• _Task item_
Going through the entries below, find how many lines hold "such", then give that number alone.

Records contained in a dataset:

# # # # #

(* Let $R:K\to H$ be a Yetter--Drinfeld relative Rota--Baxter operator on the Hopf algebra $(H,\cdot,1,\Delta,\epsilon,S_H)$ with respect to $(K,\rightharpoonup)$. Define $S_K:K\to K$ by $S_K(a):=R(a_1)\rightharpoonup R^{-1}\big(S_H(R(a_2))\big)$. Then $S_K(a_1)\cdot_K a_2=\epsilon(a)1_K=a_1\cdot_K S_K(a_2)$ for all $a\in K$; consequently $K$ is a Hopf monoid in ${}^H_H\mathcal{YD}$ with antipode $S_K$.
   Context: Conventions: $\Bbbk$ is a field; algebras are associative unital, coalgebras coassociative counital; Sweedler notation $\Delta(c)=c_1\otimes c_2$ (summation omitted), iterated as $c_1\otimes c_2\otimes c_3$ etc. Yetter--Drinfeld modules: for a Hopf algebra $A$ with antipode $T$, a left-left Yetter--Drinfeld module is a left $A$-module $(V,\triangleright)$ and left $A$-comodule $\rho(v)=v_{-1}\otimes v_0$ with $\rho(a\triangleright v)=a_1v_{-1}T(a_3)\otimes a_2\triangleright v_0$; these form the braided monoidal category ${}^A_A\mathcal{YD}$ with braiding $\sigma(v\otimes w)=v_{-1}\triangleright w\otimes v_0$. A bimonoid in ${}^A_A\mathcal{YD}$ is an object with algebra and coalgebra structure maps in ${}^A_A\mathcal{YD}$, $\epsilon$ multiplicative, $\epsilon(1)=1$, $\Delta(1)=1\otimes1$, and $\Delta\circ m=(m\otimes m)(\mathrm{Id}\otimes\sigma\otimes\mathrm{Id})(\Delta\otimes\Delta)$; a Hopf monoid is a bimonoid with antipode (convolution inverse of the identity). Definition (Yetter--Drinfeld relative (pre-)Rota--Baxter operator). Let $(H,\cdot,1,\Delta,\epsilon,S_H)$ be a Hopf algebra and $(K,\cdot_K,1_K,\Delta,\epsilon)$ a bimonoid in ${}^H_H\mathcal{YD}$ with $H$-action $\rightharpoonup$. A coalgebra morphism $R:K\to H$ is a Yetter--Drinfeld relative pre-Rota--Baxter operator if for all $a,b\in K$: (RB1) $R(a)\cdot R(b)=R\big(a_1\cdot_K(R(a_2)\rightharpoonup b)\big)$; (RB2) $S_HR(R(a_1)\rightharpoonup b_1)\cdot R(a_2)\cdot R(b_2)\otimes R(R(a_3)\rightharpoonup b_3)=S_HR(R(a_2)\rightharpoonup b_2)\cdot R(a_3)\cdot R(b_3)\otimes R(R(a_1)\rightharpoonup b_1)$. It is a Yetter--Drinfeld relative Rota--Baxter operator if moreover $R$ is bijective and (RB3) $\big(a_1\rightharpoonup R^{-1}S_H(a_2)\big)\cdot_K R^{-1}(a_3)=\epsilon(a)1_K$ for all $a\in H$. *)

theory Defs
  imports Complex_Main
begin
(* Let $B=\{\boldsymbol\phi,\boldsymbol D_0,\boldsymbol D_1,\boldsymbol R\}$ be the matrix representation of a bivariate $MMPP_2$ and let $\boldsymbol A=(T_1,K_1)$ be the (row vector of) time and distance until the first failure. Then there exists $K>0$ such that the moment-generating function of $\boldsymbol A$ exists and is given by $$H(\boldsymbol\theta)=E\left(e^{\boldsymbol A\boldsymbol\theta}\right)=\boldsymbol\phi\left(-\boldsymbol\Delta(\boldsymbol R\boldsymbol\theta)-\boldsymbol D_0\right)^{-1}\boldsymbol D_1\boldsymbol e$$ for any $\theta_1,\theta_2<K$, where $\boldsymbol\theta=[\theta_1,\theta_2]^t$.
   Context: Bivariate $MMPP_2$ with parameters $\boldsymbol\lambda=(\lambda_1,\lambda_2,\lambda_3)$, $\boldsymbol\omega=(\omega_1,\omega_2,\omega_3)$ ($\lambda_1,\lambda_2,\omega_1,\omega_2>0$, $\lambda_3,\omega_3\ge0$) and $a,b\in[0,1]$: using the Marshall–Olkin law $BVE(\mu_1,\mu_2,\mu_3)$ defined by $P(X>x,Y>y)=\exp\{-\mu_1x-\mu_2y-\mu_3\max(x,y)\}$, the process starts in state $s_0\in\{1,2\}$ with $P(s_0=1)=\phi_1$; at each step, in state 1 (resp. 2) an increment $(X,Y)\sim BVE(\boldsymbol\lambda)$ (resp. $BVE(\boldsymbol\omega)$) is drawn independently; then from state 1 with probability $a$ there is no failure and the state becomes 2, with probability $1-a$ a failure occurs and the state stays 1 (analogously with $b$ from state 2). $(T_n,K_n)$ is the sum of the increments between the $(n-1)$-th and the $n$-th failures. Here $\phi_1=\frac{b(1-a)}{b(1-a)+a(1-b)}$, $\phi_2=\frac{a(1-b)}{b(1-a)+a(1-b)}$, $\gamma_{t1}=\lambda_1+\lambda_3$, $\gamma_{k1}=\lambda_2+\lambda_3$, $\gamma_{t2}=\omega_1+\omega_3$, $\gamma_{k2}=\omega_2+\omega_3$. The matrix representation is $\boldsymbol\phi=(\phi_1,0,0,\phi_2,0,0)$, $$\boldsymbol D_0=\begin{pmatrix}-(\lambda_1+\lambda_2+\lambda_3)&\lambda_2&\lambda_1&\lambda_3a&0&0\\0&-\gamma_{t1}&0&\gamma_{t1}a&0&0\\0&0&-\gamma_{k1}&\gamma_{k1}a&0&0\\\omega_3b&0&0&-(\omega_1+\omega_2+\omega_3)&\omega_2&\omega_1\\\gamma_{t2}b&0&0&0&-\gamma_{t2}&0\\\gamma_{k2}b&0&0&0&0&-\gamma_{k2}\end{pmatrix},$$ $$\boldsymbol D_1=\begin{pmatrix}\lambda_3(1-a)&0&0&0&0&0\\\gamma_{t1}(1-a)&0&0&0&0&0\\\gamma_{k1}(1-a)&0&0&0&0&0\\0&0&0&\omega_3(1-b)&0&0\\0&0&0&\gamma_{t2}(1-b)&0&0\\0&0&0&\gamma_{k2}(1-b)&0&0\end{pmatrix},\quad \boldsymbol R=\begin{pmatrix}1&1\\1&0\\0&1\\1&1\\1&0\\0&1\end{pmatrix}.$$ $\boldsymbol\Delta(\boldsymbol v)$ denotes the diagonal matrix with the vector $\boldsymbol v$ on its diagonal, and $\boldsymbol e$ is the column vector of ones. *)

theory Defs
  imports "HOL-Analysis.Analysis" "HOL-Probability.Probability"
begin

text \<open>Rows/columns of a 6x6 (resp. 6x2) matrix are indexed by the numeral types 6 and 2;
  the element i of such a type corresponds to list position nat (Rep_bit0 i), i.e. to the
  paper's index (nat (Rep_bit0 i) + 1).\<close>

definition vec6 :: "real list \<Rightarrow> real ^ 6" where
  "vec6 xs = (\<chi> i. xs ! nat (Rep_bit0 i))"

definition mat66 :: "real list list \<Rightarrow> real ^ 6 ^ 6" where
  "mat66 L = (\<chi> i j. L ! nat (Rep_bit0 i) ! nat (Rep_bit0 j))"

definition mat62 :: "real list list \<Rightarrow> real ^ 2 ^ 6" where
  "mat62 L = (\<chi> i j. L ! nat (Rep_bit0 i) ! nat (Rep_bit0 j))"

definition Delta :: "real ^ 'n \<Rightarrow> real ^ 'n ^ 'n" where
  "Delta v = (\<chi> i j. if i = j then v $ i else 0)"

definition ones :: "real ^ 'n" where
  "ones = (\<chi> i. 1)"

definition phi1 :: "real \<Rightarrow> real \<Rightarrow> real" where
  "phi1 a b = b * (1 - a) / (b * (1 - a) + a * (1 - b))"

# # # # #

• _Response_
2